Doctor Watson and the Darkwater Hall Mystery is a 1974 British made-for-television mystery film directed by James Cellan Jones and starring Edward Fox as Doctor Watson.

Plot
While Sherlock Holmes is away on holiday, Watson journeys to Darkwater Hall in the Cotswolds to protect a woman's husband from harm.

Cast
 Edward Fox as Dr.
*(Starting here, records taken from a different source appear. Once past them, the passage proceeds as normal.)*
text \<open>
  Tensors are handled as explicit finite sums \<open>\<Sum> v\<^sub>i \<otimes> w\<^sub>i\<close>. Since linear functionals separate the
  points of a complex vector space, such a sum vanishes as soon as it vanishes on all products
  \<open>\<rho> \<otimes> \<omega>\<close> of linear functionals; together with the non-degeneracy of A and R this shows that
  \<open>\<Delta>(a)(b \<otimes> 1)\<close> is determined by its products with elementary tensors, and that
  \<open>\<Sum>\<^sub>j (\<triangleright>y\<^sub>j \<otimes> \<iota>)(\<Delta>(a)(b\<^sub>j \<otimes> 1))\<close> only depends on \<open>x = \<Sum>\<^sub>j b\<^sub>j y\<^sub>j\<close>, because after
  multiplication by \<open>1 \<otimes> e\<close> it becomes \<open>(\<triangleright>x \<otimes> \<iota>)(\<Delta>(a)(1 \<otimes> e))\<close>. Hence
  \<open>\<Sum> a\<^sub>(\<^sub>1\<^sub>)x \<otimes> a\<^sub>(\<^sub>2\<^sub>)\<close> is bilinear in \<open>(a, x)\<close>, the smash product of two finite sums is again
  one, and the commutation relation gives
  \<open>\<pi>((x # a)(x' # a')) = \<Sum> \<pi>\<^sub>R(x)\<pi>\<^sub>R(a\<^sub>(\<^sub>1\<^sub>)x')\<pi>\<^sub>A(a\<^sub>(\<^sub>2\<^sub>))\<pi>\<^sub>A(a') = \<pi>\<^sub>R(x)\<pi>\<^sub>A(a)\<pi>\<^sub>R(x')\<pi>\<^sub>A(a')\<close>.
\<close>

lemma sum_list_swap:
  fixes f :: "'x \<Rightarrow> 'y \<Rightarrow> 'z::comm_monoid_add"
  shows "(\<Sum>x\<leftarrow>L. \<Sum>y\<leftarrow>M. f x y) = (\<Sum>y\<leftarrow>M. \<Sum>x\<leftarrow>L. f x y)"
  by (induct L) (simp_all add: sum_list_addf)

lemma sum_list_sum_swap:
  "finite F \<Longrightarrow> (\<Sum>x\<leftarrow>L. sum (f x) F) = (\<Sum>b\<in>F. \<Sum>x\<leftarrow>L. f x b)"
  by (induct L) (simp_all add: sum.distrib)

interpretation cvs: vector_space "csc :: complex \<Rightarrow> 'a::calg \<Rightarrow> 'a"
  by unfold_locales (simp_all add: csc_add_right csc_add_left csc_csc csc_one)

definition clinear :: "('a::calg \<Rightarrow> 'b::calg) \<Rightarrow> bool" where
  "clinear f \<longleftrightarrow> (\<forall>x y. f (x + y) = f x + f y) \<and> (\<forall>c x. f (csc c x) = csc c (f x))"

lemma clinearD:
  assumes "clinear f"
  shows clinear_add: "f (x + y) = f x + f y"
    and clinear_csc: "f (csc c x) = csc c (f x)"
    and clinear_zero: "f 0 = 0"
  using assms unfolding clinear_def by (auto, metis cvs.scale_zero_left)

lemma clinear_sum_list: "clinear f \<Longrightarrow> f (sum_list (map g L)) = (\<Sum>x\<leftarrow>L. f (g x))"
  by (induct L) (simp_all add: clinearD)

lemma clinear_mult_left: "clinear ((*) c)"
  and clinear_mult_right: "clinear (\<lambda>x. x * c)"
  and clinear_id: "clinear (\<lambda>x. x)"
  by (simp_all add: clinear_def distrib_left distrib_right mult_csc_left mult_csc_right)

lemma clinear_scale: "clinear (csc k)"
  by (simp add: clinear_def csc_add_right csc_csc mult.commute)

definition linear_functional :: "('a::calg \<Rightarrow> complex) \<Rightarrow> bool" where
  "linear_functional l \<longleftrightarrow> (\<forall>x y. l (x + y) = l x + l y) \<and> (\<forall>c x. l (csc c x) = c * l x)"

lemma linear_functionalD:
  assumes "linear_functional l"
  shows linear_functional_add: "l (x + y) = l x + l y"
    and linear_functional_csc: "l (csc c x) = c * l x"
    and linear_functional_zero: "l 0 = 0"
  using assms unfolding linear_functional_def by (auto, metis cvs.scale_zero_left mult_zero_left)

lemma linear_functional_sum_list:
  "linear_functional l \<Longrightarrow> l (sum_list (map g L)) = (\<Sum>x\<leftarrow>L. l (g x))"
  by (induct L) (simp_all add: linear_functionalD)

definition coord :: "'a::calg \<Rightarrow> 'a \<Rightarrow> complex" where
  "coord b v = cvs.representation (cvs.extend_basis {}) v b"

lemma
  shows independent_Hamel_basis: "cvs.independent (cvs.extend_basis {} :: 'a::calg set)"
    and span_Hamel_basis: "cvs.span (cvs.extend_basis {} :: 'a::calg set) = UNIV"
  by (simp_all add: cvs.independent_extend_basis cvs.independent_empty)

lemma linear_functional_coord: "linear_functional (coord b)"
proof -
  have s: "v \<in> cvs.span (cvs.extend_basis {})" for v :: 'a
    by (simp add: span_Hamel_basis)
  show ?thesis unfolding linear_functional_def coord_def
    using cvs.representation_add[OF independent_Hamel_basis s s]
      cvs.representation_scale[OF independent_Hamel_basis s] by simp
qed

lemma finite_coord_support: "finite {b. coord b v \<noteq> 0}"
  unfolding coord_def by (rule cvs.finite_representation)

lemma sum_coord:
  assumes "finite F" and "{b. coord b v \<noteq> 0} \<subseteq> F"
  shows "(\<Sum>b\<in>F. csc (coord b v) b) = v"
proof -
  have "(\<Sum>b\<in>F. csc (coord b v) b) = (\<Sum>b | coord b v \<noteq> 0. csc (coord b v) b)"
    by (rule sum.mono_neutral_right) (use assms in auto)
  also have "\<dots> = v"
    unfolding coord_def using cvs.sum_nonzero_representation_eq[OF independent_Hamel_basis]
    by (simp add: span_Hamel_basis)
  finally show ?thesis .
qed

lemma eq_0_if_linear_functionals_vanish:
  assumes "\<And>l. linear_functional l \<Longrightarrow> l (v::'a::calg) = 0"
  shows "v = 0"
  using sum_coord[of "{}" v] assms linear_functional_coord by auto

section \<open>Tensors represented by lists of pairs\<close>

definition pair_sum :: "('v \<times> 'w) list \<Rightarrow> ('v \<Rightarrow> 'w \<Rightarrow> complex) \<Rightarrow> complex" where
  "pair_sum L \<phi> = sum_list (map (\<lambda>(v, w). \<phi> v w) L)"

lemma pair_sum_simps [simp]:
  "pair_sum [] \<phi> = 0"
  "pair_sum ((v, w) # L) \<phi> = \<phi> v w + pair_sum L \<phi>"
  "pair_sum (L @ M) \<phi> = pair_sum L \<phi> + pair_sum M \<phi>"
  by (simp_all add: pair_sum_def)

lemma pair_sum_conv_sum_list: "pair_sum L \<phi> = (\<Sum>x\<leftarrow>L. \<phi> (fst x) (snd x))"
  by (simp add: pair_sum_def split_def)

lemma pair_sum_map:
  "pair_sum (map (\<lambda>(p, q). (f p q, g p q)) L) \<phi> = pair_sum L (\<lambda>p q. \<phi> (f p q) (g p q))"
  by (induct L) auto

lemma pair_sum_concat_map:
  "pair_sum (concat (map (\<lambda>(p, q). H p q) L)) \<phi> = pair_sum L (\<lambda>p q. pair_sum (H p q) \<phi>)"
  by (induct L) auto

lemma pair_sum_add_fun: "pair_sum L (\<lambda>p q. f p q + g p q) = pair_sum L f + pair_sum L g"
  by (induct L) auto

lemma pair_sum_cmult: "pair_sum L (\<lambda>p q. c * f p q) = c * pair_sum L f"
  by (induct L) (auto simp: distrib_left)

lemma pair_sum_uminus: "pair_sum L (\<lambda>p q. - f p q) = - pair_sum L f"
  by (induct L) auto

lemma pair_sum_zero_fun [simp]: "pair_sum L (\<lambda>p q. 0) = 0"
  by (induct L) auto

lemma tens_bilin: "bilin \<phi> \<Longrightarrow> tens L \<phi> = pair_sum L \<phi>"
  by (simp add: tens_def pair_sum_def)

lemma tens_conv_pair_sum: "tens L = (\<lambda>\<phi>. if bilin \<phi> then pair_sum L \<phi> else 0)"
  unfolding tens_def pair_sum_def by (rule refl)

lemma tens_eqI: "(\<And>\<phi>. bilin \<phi> \<Longrightarrow> pair_sum L \<phi> = pair_sum M \<phi>) \<Longrightarrow> tens L = tens M"
  by (rule ext) (simp add: tens_def pair_sum_def)

lemma tens_eqD: "tens L = tens M \<Longrightarrow> bilin \<phi> \<Longrightarrow> pair_sum L \<phi> = pair_sum M \<phi>"
  by (metis tens_bilin)

lemma tensorsE: "t \<in> tensors \<Longrightarrow> (\<And>L. t = tens L \<Longrightarrow> P) \<Longrightarrow> P"
  unfolding tensors_def by blast

lemma tens_in_tensors [simp]: "tens L \<in> tensors"
  unfolding tensors_def by blast

lemma bilinD:
  assumes "bilin \<phi>"
  shows bilin_add_left: "\<phi> (v + v') w = \<phi> v w + \<phi> v' w"
    and bilin_add_right: "\<phi> v (w + w') = \<phi> v w + \<phi> v w'"
    and bilin_csc_left: "\<phi> (csc c v) w = c * \<phi> v w"
    and bilin_csc_right: "\<phi> v (csc c w) = c * \<phi> v w"
  using assms unfolding bilin_def by blast+

lemma bilin_zero:
  assumes "bilin \<phi>"
  shows bilin_zero_left: "\<phi> 0 w = 0" and bilin_zero_right: "\<phi> v 0 = 0"
  using bilin_csc_left[OF assms, of 0 0] bilin_csc_right[OF assms, of _ 0 0] by simp_all

lemma bilin_uminus_left: "bilin \<phi> \<Longrightarrow> \<phi> (- v) w = - \<phi> v w"
  using bilin_csc_left[of \<phi> "-1" v w] cvs.scale_minus_left[of 1 v] by simp

lemma bilin_sum_list_left: "bilin \<phi> \<Longrightarrow> \<phi> (sum_list (map g L)) w = (\<Sum>x\<leftarrow>L. \<phi> (g x) w)"
  by (induct L) (simp_all add: bilin_zero bilinD)

lemma bilin_sum_right:
  assumes "bilin \<phi>" and "finite F"
  shows "\<phi> v (sum g F) = (\<Sum>x\<in>F. \<phi> v (g x))"
  using assms(2) by (induct F rule: finite_induct) (simp_all add: bilin_zero[OF assms(1)] bilinD[OF assms(1)])

lemma bilin_product_functionals:
  "linear_functional \<rho> \<Longrightarrow> linear_functional \<omega> \<Longrightarrow> bilin (\<lambda>v w. \<rho> v * \<omega> w)"
  unfolding bilin_def by (simp add: linear_functionalD algebra_simps)

lemma bilin_compose_clinear:
  "bilin \<phi> \<Longrightarrow> clinear f \<Longrightarrow> clinear g \<Longrightarrow> bilin (\<lambda>x y. \<phi> (f x) (g y))"
  unfolding bilin_def by (simp add: clinearD)

lemma bilin_pair_sum:
  "(\<And>c d. (c, d) \<in> set M \<Longrightarrow> bilin (\<lambda>a b. G a b c d)) \<Longrightarrow> bilin (\<lambda>a b. pair_sum M (G a b))"
proof (induct M)
  case Nil
  then show ?case by (simp add: bilin_def)
next
  case (Cons cd M)
  then show ?case
    by (cases cd) (simp add: bilin_def algebra_simps)
qed

lemma pair_sum_negate_left: "bilin \<phi> \<Longrightarrow> pair_sum (map (\<lambda>(p, q). (- p, q)) L) \<phi> = - pair_sum L \<phi>"
  by (simp add: pair_sum_map bilin_uminus_left pair_sum_uminus)

text \<open>Expanding the second components in a Hamel basis leaves the forms \<open>\<phi> (\<cdot>) b\<close> applied
  to elements \<open>z b\<close>, which vanish because linear functionals separate points.\<close>

lemma pair_sum_eq_0_if_product_functionals_vanish:
  fixes L :: "('v::calg \<times> 'w::calg) list"
  assumes vanish: "\<And>\<rho> \<omega>. linear_functional \<rho> \<Longrightarrow> linear_functional \<omega> \<Longrightarrow>
      pair_sum L (\<lambda>v w. \<rho> v * \<omega> w) = 0"
    and \<phi>: "bilin \<phi>"
  shows "pair_sum L \<phi> = 0"
proof -
  define F where "F = (\<Union>p\<in>set L. {b. coord b (snd p) \<noteq> 0})"
  have "finite F"
    unfolding F_def using finite_coord_support by auto
  have expand: "\<phi> v w = (\<Sum>b\<in>F. \<phi> (csc (coord b w) v) b)" if "(v, w) \<in> set L" for v w
  proof -
    have "{b. coord b w \<noteq> 0} \<subseteq> F"
      unfolding F_def using that by force
    then have "\<phi> v w = \<phi> v (\<Sum>b\<in>F. csc (coord b w) b)"
      using sum_coord \<open>finite F\<close> by metis
    then show ?thesis
      by (simp add: bilin_sum_right[OF \<phi> \<open>finite F\<close>] bilinD[OF \<phi>])
  qed
  define z where "z b = (\<Sum>(v, w)\<leftarrow>L. csc (coord b w) v)" for b
  have "z b = 0" for b
  proof (rule eq_0_if_linear_functionals_vanish)
    fix \<rho> :: "'v \<Rightarrow> complex"
    assume \<rho>: "linear_functional \<rho>"
    have "\<rho> (z b) = pair_sum L (\<lambda>v w. \<rho> v * coord b w)"
      by (simp add: z_def linear_functional_sum_list[OF \<rho>] pair_sum_def split_def
          linear_functional_csc[OF \<rho>] mult.commute)
    then show "\<rho> (z b) = 0"
      using vanish[OF \<rho> linear_functional_coord] by simp
  qed
  have "pair_sum L \<phi> = (\<Sum>p\<leftarrow>L. \<Sum>b\<in>F. \<phi> (csc (coord b (snd p)) (fst p)) b)"
    unfolding pair_sum_def split_def by (rule arg_cong[where f = sum_list], rule map_cong) (auto simp: expand)
  also have "\<dots> = (\<Sum>b\<in>F. \<phi> (z b) b)"
    by (simp add: sum_list_sum_swap[OF \<open>finite F\<close>] z_def bilin_sum_list_left[OF \<phi>] split_def)
  also have "\<dots> = 0"
    by (simp add: \<open>\<And>b. z b = 0\<close> bilin_zero[OF \<phi>])
  finally show ?thesis .
qed

lemma nondegD: "nondeg (UNIV :: 'a::calg set) 0 (*) \<Longrightarrow> \<forall>y. (x::'a) * y = 0 \<Longrightarrow> x = 0"
  unfolding nondeg_def by blast

lemma functional_sum_eq_0_by_nondeg:
  fixes g :: "'x \<Rightarrow> 'a::calg"
  assumes nd: "nondeg (UNIV :: 'a set) 0 (*)"
    and vanish: "\<And>d \<omega>. linear_functional \<omega> \<Longrightarrow> (\<Sum>x\<leftarrow>L. f x * \<omega> (g x * d)) = 0"
    and \<omega>: "linear_functional \<omega>"
  shows "(\<Sum>x\<leftarrow>L. f x * \<omega> (g x)) = 0"
proof -
  define z where "z = (\<Sum>x\<leftarrow>L. csc (f x) (g x))"
  have "z * d = 0" for d
  proof (rule eq_0_if_linear_functionals_vanish)
    fix \<omega>' :: "'a \<Rightarrow> complex"
    assume \<omega>': "linear_functional \<omega>'"
    have "z * d = (\<Sum>x\<leftarrow>L. csc (f x) (g x * d))"
      by (simp add: z_def sum_list_mult_const[symmetric] mult_csc_left)
    then show "\<omega>' (z * d) = 0"
      using vanish[OF \<omega>'] by (simp add: linear_functional_sum_list[OF \<omega>'] linear_functional_csc[OF \<omega>'])
  qed
  then have "z = 0"
    using nondegD[OF nd] by blast
  then have "\<omega> z = 0"
    by (simp add: linear_functional_zero[OF \<omega>])
  then show ?thesis
    by (simp add: z_def linear_functional_sum_list[OF \<omega>] linear_functional_csc[OF \<omega>])
qed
Watson
 Elaine Taylor as Emily
 Christopher Cazenove as Sir Harry
 Jeremy Clyde as Miles
 John Westbrook as Bradshaw
 Terence Bayler as Carlos
 Carmen Gómez as Dolores
 Anthony Langdon as Paul "Black Paul"

Production
Filmed at Stow-on-the-Wold, Watson was portrayed as competent and intelligent as opposed to the popular idea of a bumbling character as Nigel Bruce portrayed him in an earlier series of fourteen films. He is also portrayed as a virile womanizer as the character claims to be in The Sign of the Four.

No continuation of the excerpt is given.